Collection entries
>>

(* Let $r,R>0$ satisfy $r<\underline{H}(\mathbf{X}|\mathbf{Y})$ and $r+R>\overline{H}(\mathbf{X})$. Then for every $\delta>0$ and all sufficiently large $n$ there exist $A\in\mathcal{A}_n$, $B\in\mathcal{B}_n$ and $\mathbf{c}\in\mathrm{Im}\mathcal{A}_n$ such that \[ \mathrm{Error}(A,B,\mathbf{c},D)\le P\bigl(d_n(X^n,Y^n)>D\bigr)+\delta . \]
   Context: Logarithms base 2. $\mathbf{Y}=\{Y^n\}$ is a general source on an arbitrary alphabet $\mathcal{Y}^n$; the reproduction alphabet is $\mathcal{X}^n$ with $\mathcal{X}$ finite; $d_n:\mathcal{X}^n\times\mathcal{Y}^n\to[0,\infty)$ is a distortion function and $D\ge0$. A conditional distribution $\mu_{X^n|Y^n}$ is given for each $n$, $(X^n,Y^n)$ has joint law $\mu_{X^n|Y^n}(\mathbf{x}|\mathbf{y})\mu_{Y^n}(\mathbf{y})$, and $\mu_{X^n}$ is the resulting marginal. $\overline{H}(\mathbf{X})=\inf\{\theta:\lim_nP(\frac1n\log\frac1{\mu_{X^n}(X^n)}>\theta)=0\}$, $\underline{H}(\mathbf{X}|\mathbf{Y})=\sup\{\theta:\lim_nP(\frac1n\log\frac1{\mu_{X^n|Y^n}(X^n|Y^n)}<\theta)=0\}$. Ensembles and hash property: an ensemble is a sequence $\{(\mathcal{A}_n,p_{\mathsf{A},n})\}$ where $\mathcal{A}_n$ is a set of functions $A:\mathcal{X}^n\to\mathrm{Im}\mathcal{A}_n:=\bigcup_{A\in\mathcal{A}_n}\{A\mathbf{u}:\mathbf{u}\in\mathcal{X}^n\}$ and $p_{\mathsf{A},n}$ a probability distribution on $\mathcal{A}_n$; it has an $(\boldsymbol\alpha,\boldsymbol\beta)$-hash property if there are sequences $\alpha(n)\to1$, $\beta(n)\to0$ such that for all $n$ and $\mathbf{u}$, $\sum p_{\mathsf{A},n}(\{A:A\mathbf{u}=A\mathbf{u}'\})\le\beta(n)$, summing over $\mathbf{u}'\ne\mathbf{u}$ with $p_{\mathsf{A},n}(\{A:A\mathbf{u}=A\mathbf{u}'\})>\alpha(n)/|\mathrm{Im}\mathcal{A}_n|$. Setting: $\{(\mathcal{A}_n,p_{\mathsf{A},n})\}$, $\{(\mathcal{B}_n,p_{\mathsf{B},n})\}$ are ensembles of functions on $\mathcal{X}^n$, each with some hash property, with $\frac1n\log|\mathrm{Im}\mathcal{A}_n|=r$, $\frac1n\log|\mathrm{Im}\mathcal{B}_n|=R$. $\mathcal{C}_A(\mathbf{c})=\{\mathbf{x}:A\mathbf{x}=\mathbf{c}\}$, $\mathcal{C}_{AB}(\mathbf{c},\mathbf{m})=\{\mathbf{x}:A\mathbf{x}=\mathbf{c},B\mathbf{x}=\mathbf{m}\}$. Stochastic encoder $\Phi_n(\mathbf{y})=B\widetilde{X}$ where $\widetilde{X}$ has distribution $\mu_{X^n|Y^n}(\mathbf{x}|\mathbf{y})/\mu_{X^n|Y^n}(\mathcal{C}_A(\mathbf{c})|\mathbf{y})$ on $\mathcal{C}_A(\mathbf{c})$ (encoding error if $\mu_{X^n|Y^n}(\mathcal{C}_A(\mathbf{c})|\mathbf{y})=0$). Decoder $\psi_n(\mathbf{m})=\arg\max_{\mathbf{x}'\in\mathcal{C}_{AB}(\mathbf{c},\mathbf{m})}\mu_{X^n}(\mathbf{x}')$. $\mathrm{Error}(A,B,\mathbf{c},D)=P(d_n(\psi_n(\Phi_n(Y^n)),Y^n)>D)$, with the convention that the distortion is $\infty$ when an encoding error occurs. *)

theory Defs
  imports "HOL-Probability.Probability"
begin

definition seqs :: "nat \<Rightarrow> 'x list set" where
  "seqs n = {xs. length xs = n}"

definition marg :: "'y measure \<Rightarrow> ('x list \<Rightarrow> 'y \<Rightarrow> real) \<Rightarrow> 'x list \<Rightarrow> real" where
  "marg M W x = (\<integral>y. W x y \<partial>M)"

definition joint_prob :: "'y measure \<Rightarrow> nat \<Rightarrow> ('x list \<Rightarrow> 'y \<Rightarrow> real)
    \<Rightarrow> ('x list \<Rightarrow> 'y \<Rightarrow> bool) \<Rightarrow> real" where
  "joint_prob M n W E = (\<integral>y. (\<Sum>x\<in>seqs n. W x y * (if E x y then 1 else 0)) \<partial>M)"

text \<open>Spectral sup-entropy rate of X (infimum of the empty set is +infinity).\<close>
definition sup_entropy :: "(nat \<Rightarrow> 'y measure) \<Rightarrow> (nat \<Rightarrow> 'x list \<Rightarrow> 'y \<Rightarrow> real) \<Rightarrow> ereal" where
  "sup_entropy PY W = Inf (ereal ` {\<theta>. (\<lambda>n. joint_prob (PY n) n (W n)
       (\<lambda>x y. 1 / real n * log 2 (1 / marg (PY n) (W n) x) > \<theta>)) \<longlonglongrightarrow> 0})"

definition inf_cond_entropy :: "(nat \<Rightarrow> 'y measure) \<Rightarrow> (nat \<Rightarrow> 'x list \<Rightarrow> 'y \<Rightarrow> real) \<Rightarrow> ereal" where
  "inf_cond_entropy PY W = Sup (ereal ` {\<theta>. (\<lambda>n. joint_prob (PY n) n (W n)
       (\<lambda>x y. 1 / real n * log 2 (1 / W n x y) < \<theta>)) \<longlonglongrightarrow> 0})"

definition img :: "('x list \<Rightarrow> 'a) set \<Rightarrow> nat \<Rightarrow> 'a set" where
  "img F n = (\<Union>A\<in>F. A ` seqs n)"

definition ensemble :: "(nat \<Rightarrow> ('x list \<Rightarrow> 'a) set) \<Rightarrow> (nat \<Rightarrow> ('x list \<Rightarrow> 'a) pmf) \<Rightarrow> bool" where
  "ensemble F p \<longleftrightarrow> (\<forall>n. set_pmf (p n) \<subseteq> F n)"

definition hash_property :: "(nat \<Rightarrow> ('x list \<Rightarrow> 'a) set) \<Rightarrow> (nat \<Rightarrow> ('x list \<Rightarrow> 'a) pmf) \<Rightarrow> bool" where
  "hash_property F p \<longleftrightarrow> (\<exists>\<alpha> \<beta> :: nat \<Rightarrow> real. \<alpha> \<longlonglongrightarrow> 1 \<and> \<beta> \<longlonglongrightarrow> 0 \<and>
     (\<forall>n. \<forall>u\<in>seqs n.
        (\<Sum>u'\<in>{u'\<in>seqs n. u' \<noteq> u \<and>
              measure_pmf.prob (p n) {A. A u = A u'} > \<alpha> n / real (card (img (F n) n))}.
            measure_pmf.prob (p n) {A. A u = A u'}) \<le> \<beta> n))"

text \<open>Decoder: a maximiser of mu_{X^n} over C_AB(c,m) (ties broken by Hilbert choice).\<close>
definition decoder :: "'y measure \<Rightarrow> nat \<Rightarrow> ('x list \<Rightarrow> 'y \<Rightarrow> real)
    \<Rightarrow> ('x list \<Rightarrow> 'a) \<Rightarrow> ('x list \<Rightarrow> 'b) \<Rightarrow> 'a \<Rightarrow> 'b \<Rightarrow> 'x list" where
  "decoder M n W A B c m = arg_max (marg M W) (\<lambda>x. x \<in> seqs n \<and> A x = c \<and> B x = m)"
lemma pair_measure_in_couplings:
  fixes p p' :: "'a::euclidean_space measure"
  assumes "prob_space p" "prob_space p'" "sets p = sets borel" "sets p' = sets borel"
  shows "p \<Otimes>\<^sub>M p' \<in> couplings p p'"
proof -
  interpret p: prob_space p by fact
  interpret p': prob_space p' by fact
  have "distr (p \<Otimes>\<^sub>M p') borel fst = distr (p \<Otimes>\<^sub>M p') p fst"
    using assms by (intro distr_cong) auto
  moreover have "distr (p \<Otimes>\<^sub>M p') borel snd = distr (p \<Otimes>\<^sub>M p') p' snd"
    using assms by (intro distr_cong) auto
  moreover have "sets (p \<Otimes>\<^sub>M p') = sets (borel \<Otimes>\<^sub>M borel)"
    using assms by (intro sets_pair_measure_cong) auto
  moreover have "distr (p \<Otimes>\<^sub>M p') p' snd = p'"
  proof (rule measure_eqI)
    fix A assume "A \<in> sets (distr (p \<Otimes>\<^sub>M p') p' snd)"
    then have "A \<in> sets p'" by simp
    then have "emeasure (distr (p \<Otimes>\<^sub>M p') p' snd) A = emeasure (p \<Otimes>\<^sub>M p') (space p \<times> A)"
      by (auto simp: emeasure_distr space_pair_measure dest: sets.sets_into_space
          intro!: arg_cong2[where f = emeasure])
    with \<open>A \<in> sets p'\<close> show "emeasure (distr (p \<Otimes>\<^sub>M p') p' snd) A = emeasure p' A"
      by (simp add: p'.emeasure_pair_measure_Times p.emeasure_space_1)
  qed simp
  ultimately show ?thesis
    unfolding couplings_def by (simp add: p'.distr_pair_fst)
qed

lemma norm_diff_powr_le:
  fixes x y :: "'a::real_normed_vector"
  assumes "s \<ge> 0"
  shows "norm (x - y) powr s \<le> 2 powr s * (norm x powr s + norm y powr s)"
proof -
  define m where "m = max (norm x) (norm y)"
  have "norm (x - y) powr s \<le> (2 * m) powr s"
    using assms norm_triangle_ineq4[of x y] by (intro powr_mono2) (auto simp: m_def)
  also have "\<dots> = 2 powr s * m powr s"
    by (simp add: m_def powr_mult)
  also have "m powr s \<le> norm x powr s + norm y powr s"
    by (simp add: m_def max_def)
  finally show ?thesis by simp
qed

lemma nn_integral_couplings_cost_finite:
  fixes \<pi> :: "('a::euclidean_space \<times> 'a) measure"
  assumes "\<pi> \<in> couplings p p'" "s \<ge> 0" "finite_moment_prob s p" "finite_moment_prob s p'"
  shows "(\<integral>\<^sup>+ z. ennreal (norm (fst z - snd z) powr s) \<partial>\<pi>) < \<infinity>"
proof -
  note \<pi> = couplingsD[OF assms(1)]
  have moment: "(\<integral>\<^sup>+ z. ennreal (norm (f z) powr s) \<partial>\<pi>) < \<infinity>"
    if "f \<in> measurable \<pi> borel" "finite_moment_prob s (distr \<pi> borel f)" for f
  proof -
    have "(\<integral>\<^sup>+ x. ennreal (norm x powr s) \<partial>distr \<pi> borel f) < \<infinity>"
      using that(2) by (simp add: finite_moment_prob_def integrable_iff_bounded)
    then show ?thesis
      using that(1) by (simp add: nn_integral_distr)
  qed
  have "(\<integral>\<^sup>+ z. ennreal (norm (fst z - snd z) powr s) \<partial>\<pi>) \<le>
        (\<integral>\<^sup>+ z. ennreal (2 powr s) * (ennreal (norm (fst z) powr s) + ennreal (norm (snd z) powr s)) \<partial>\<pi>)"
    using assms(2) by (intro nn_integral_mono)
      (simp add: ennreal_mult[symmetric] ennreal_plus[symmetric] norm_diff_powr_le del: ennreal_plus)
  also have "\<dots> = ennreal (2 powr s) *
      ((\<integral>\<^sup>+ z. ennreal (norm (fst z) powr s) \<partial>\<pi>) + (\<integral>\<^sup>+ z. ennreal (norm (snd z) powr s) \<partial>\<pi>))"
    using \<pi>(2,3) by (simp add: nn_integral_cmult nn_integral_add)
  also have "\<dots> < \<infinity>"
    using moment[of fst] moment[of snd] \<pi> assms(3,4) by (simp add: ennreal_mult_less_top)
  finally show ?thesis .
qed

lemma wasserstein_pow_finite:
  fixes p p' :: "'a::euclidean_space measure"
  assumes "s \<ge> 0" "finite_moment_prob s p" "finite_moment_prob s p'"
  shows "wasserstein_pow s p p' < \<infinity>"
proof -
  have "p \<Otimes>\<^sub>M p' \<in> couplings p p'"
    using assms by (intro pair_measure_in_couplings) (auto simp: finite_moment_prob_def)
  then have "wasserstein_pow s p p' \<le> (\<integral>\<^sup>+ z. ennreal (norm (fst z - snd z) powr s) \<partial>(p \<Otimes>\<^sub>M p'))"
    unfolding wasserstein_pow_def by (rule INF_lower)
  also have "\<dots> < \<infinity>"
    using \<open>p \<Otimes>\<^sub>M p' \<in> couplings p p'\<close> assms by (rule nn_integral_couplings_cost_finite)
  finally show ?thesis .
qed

<<

TASK BRIEF: For each line in the entries that holds "borel", return that line.

TASK RESULT:
  assumes "prob_space p" "prob_space p'" "sets p = sets borel" "sets p' = sets borel"
  have "distr (p \<Otimes>\<^sub>M p') borel fst = distr (p \<Otimes>\<^sub>M p') p fst"
  moreover have "distr (p \<Otimes>\<^sub>M p') borel snd = distr (p \<Otimes>\<^sub>M p') p' snd"
  moreover have "sets (p \<Otimes>\<^sub>M p') = sets (borel \<Otimes>\<^sub>M borel)"
    if "f \<in> measurable \<pi> borel" "finite_moment_prob s (distr \<pi> borel f)" for f
    have "(\<integral>\<^sup>+ x. ennreal (norm x powr s) \<partial>distr \<pi> borel f) < \<infinity>"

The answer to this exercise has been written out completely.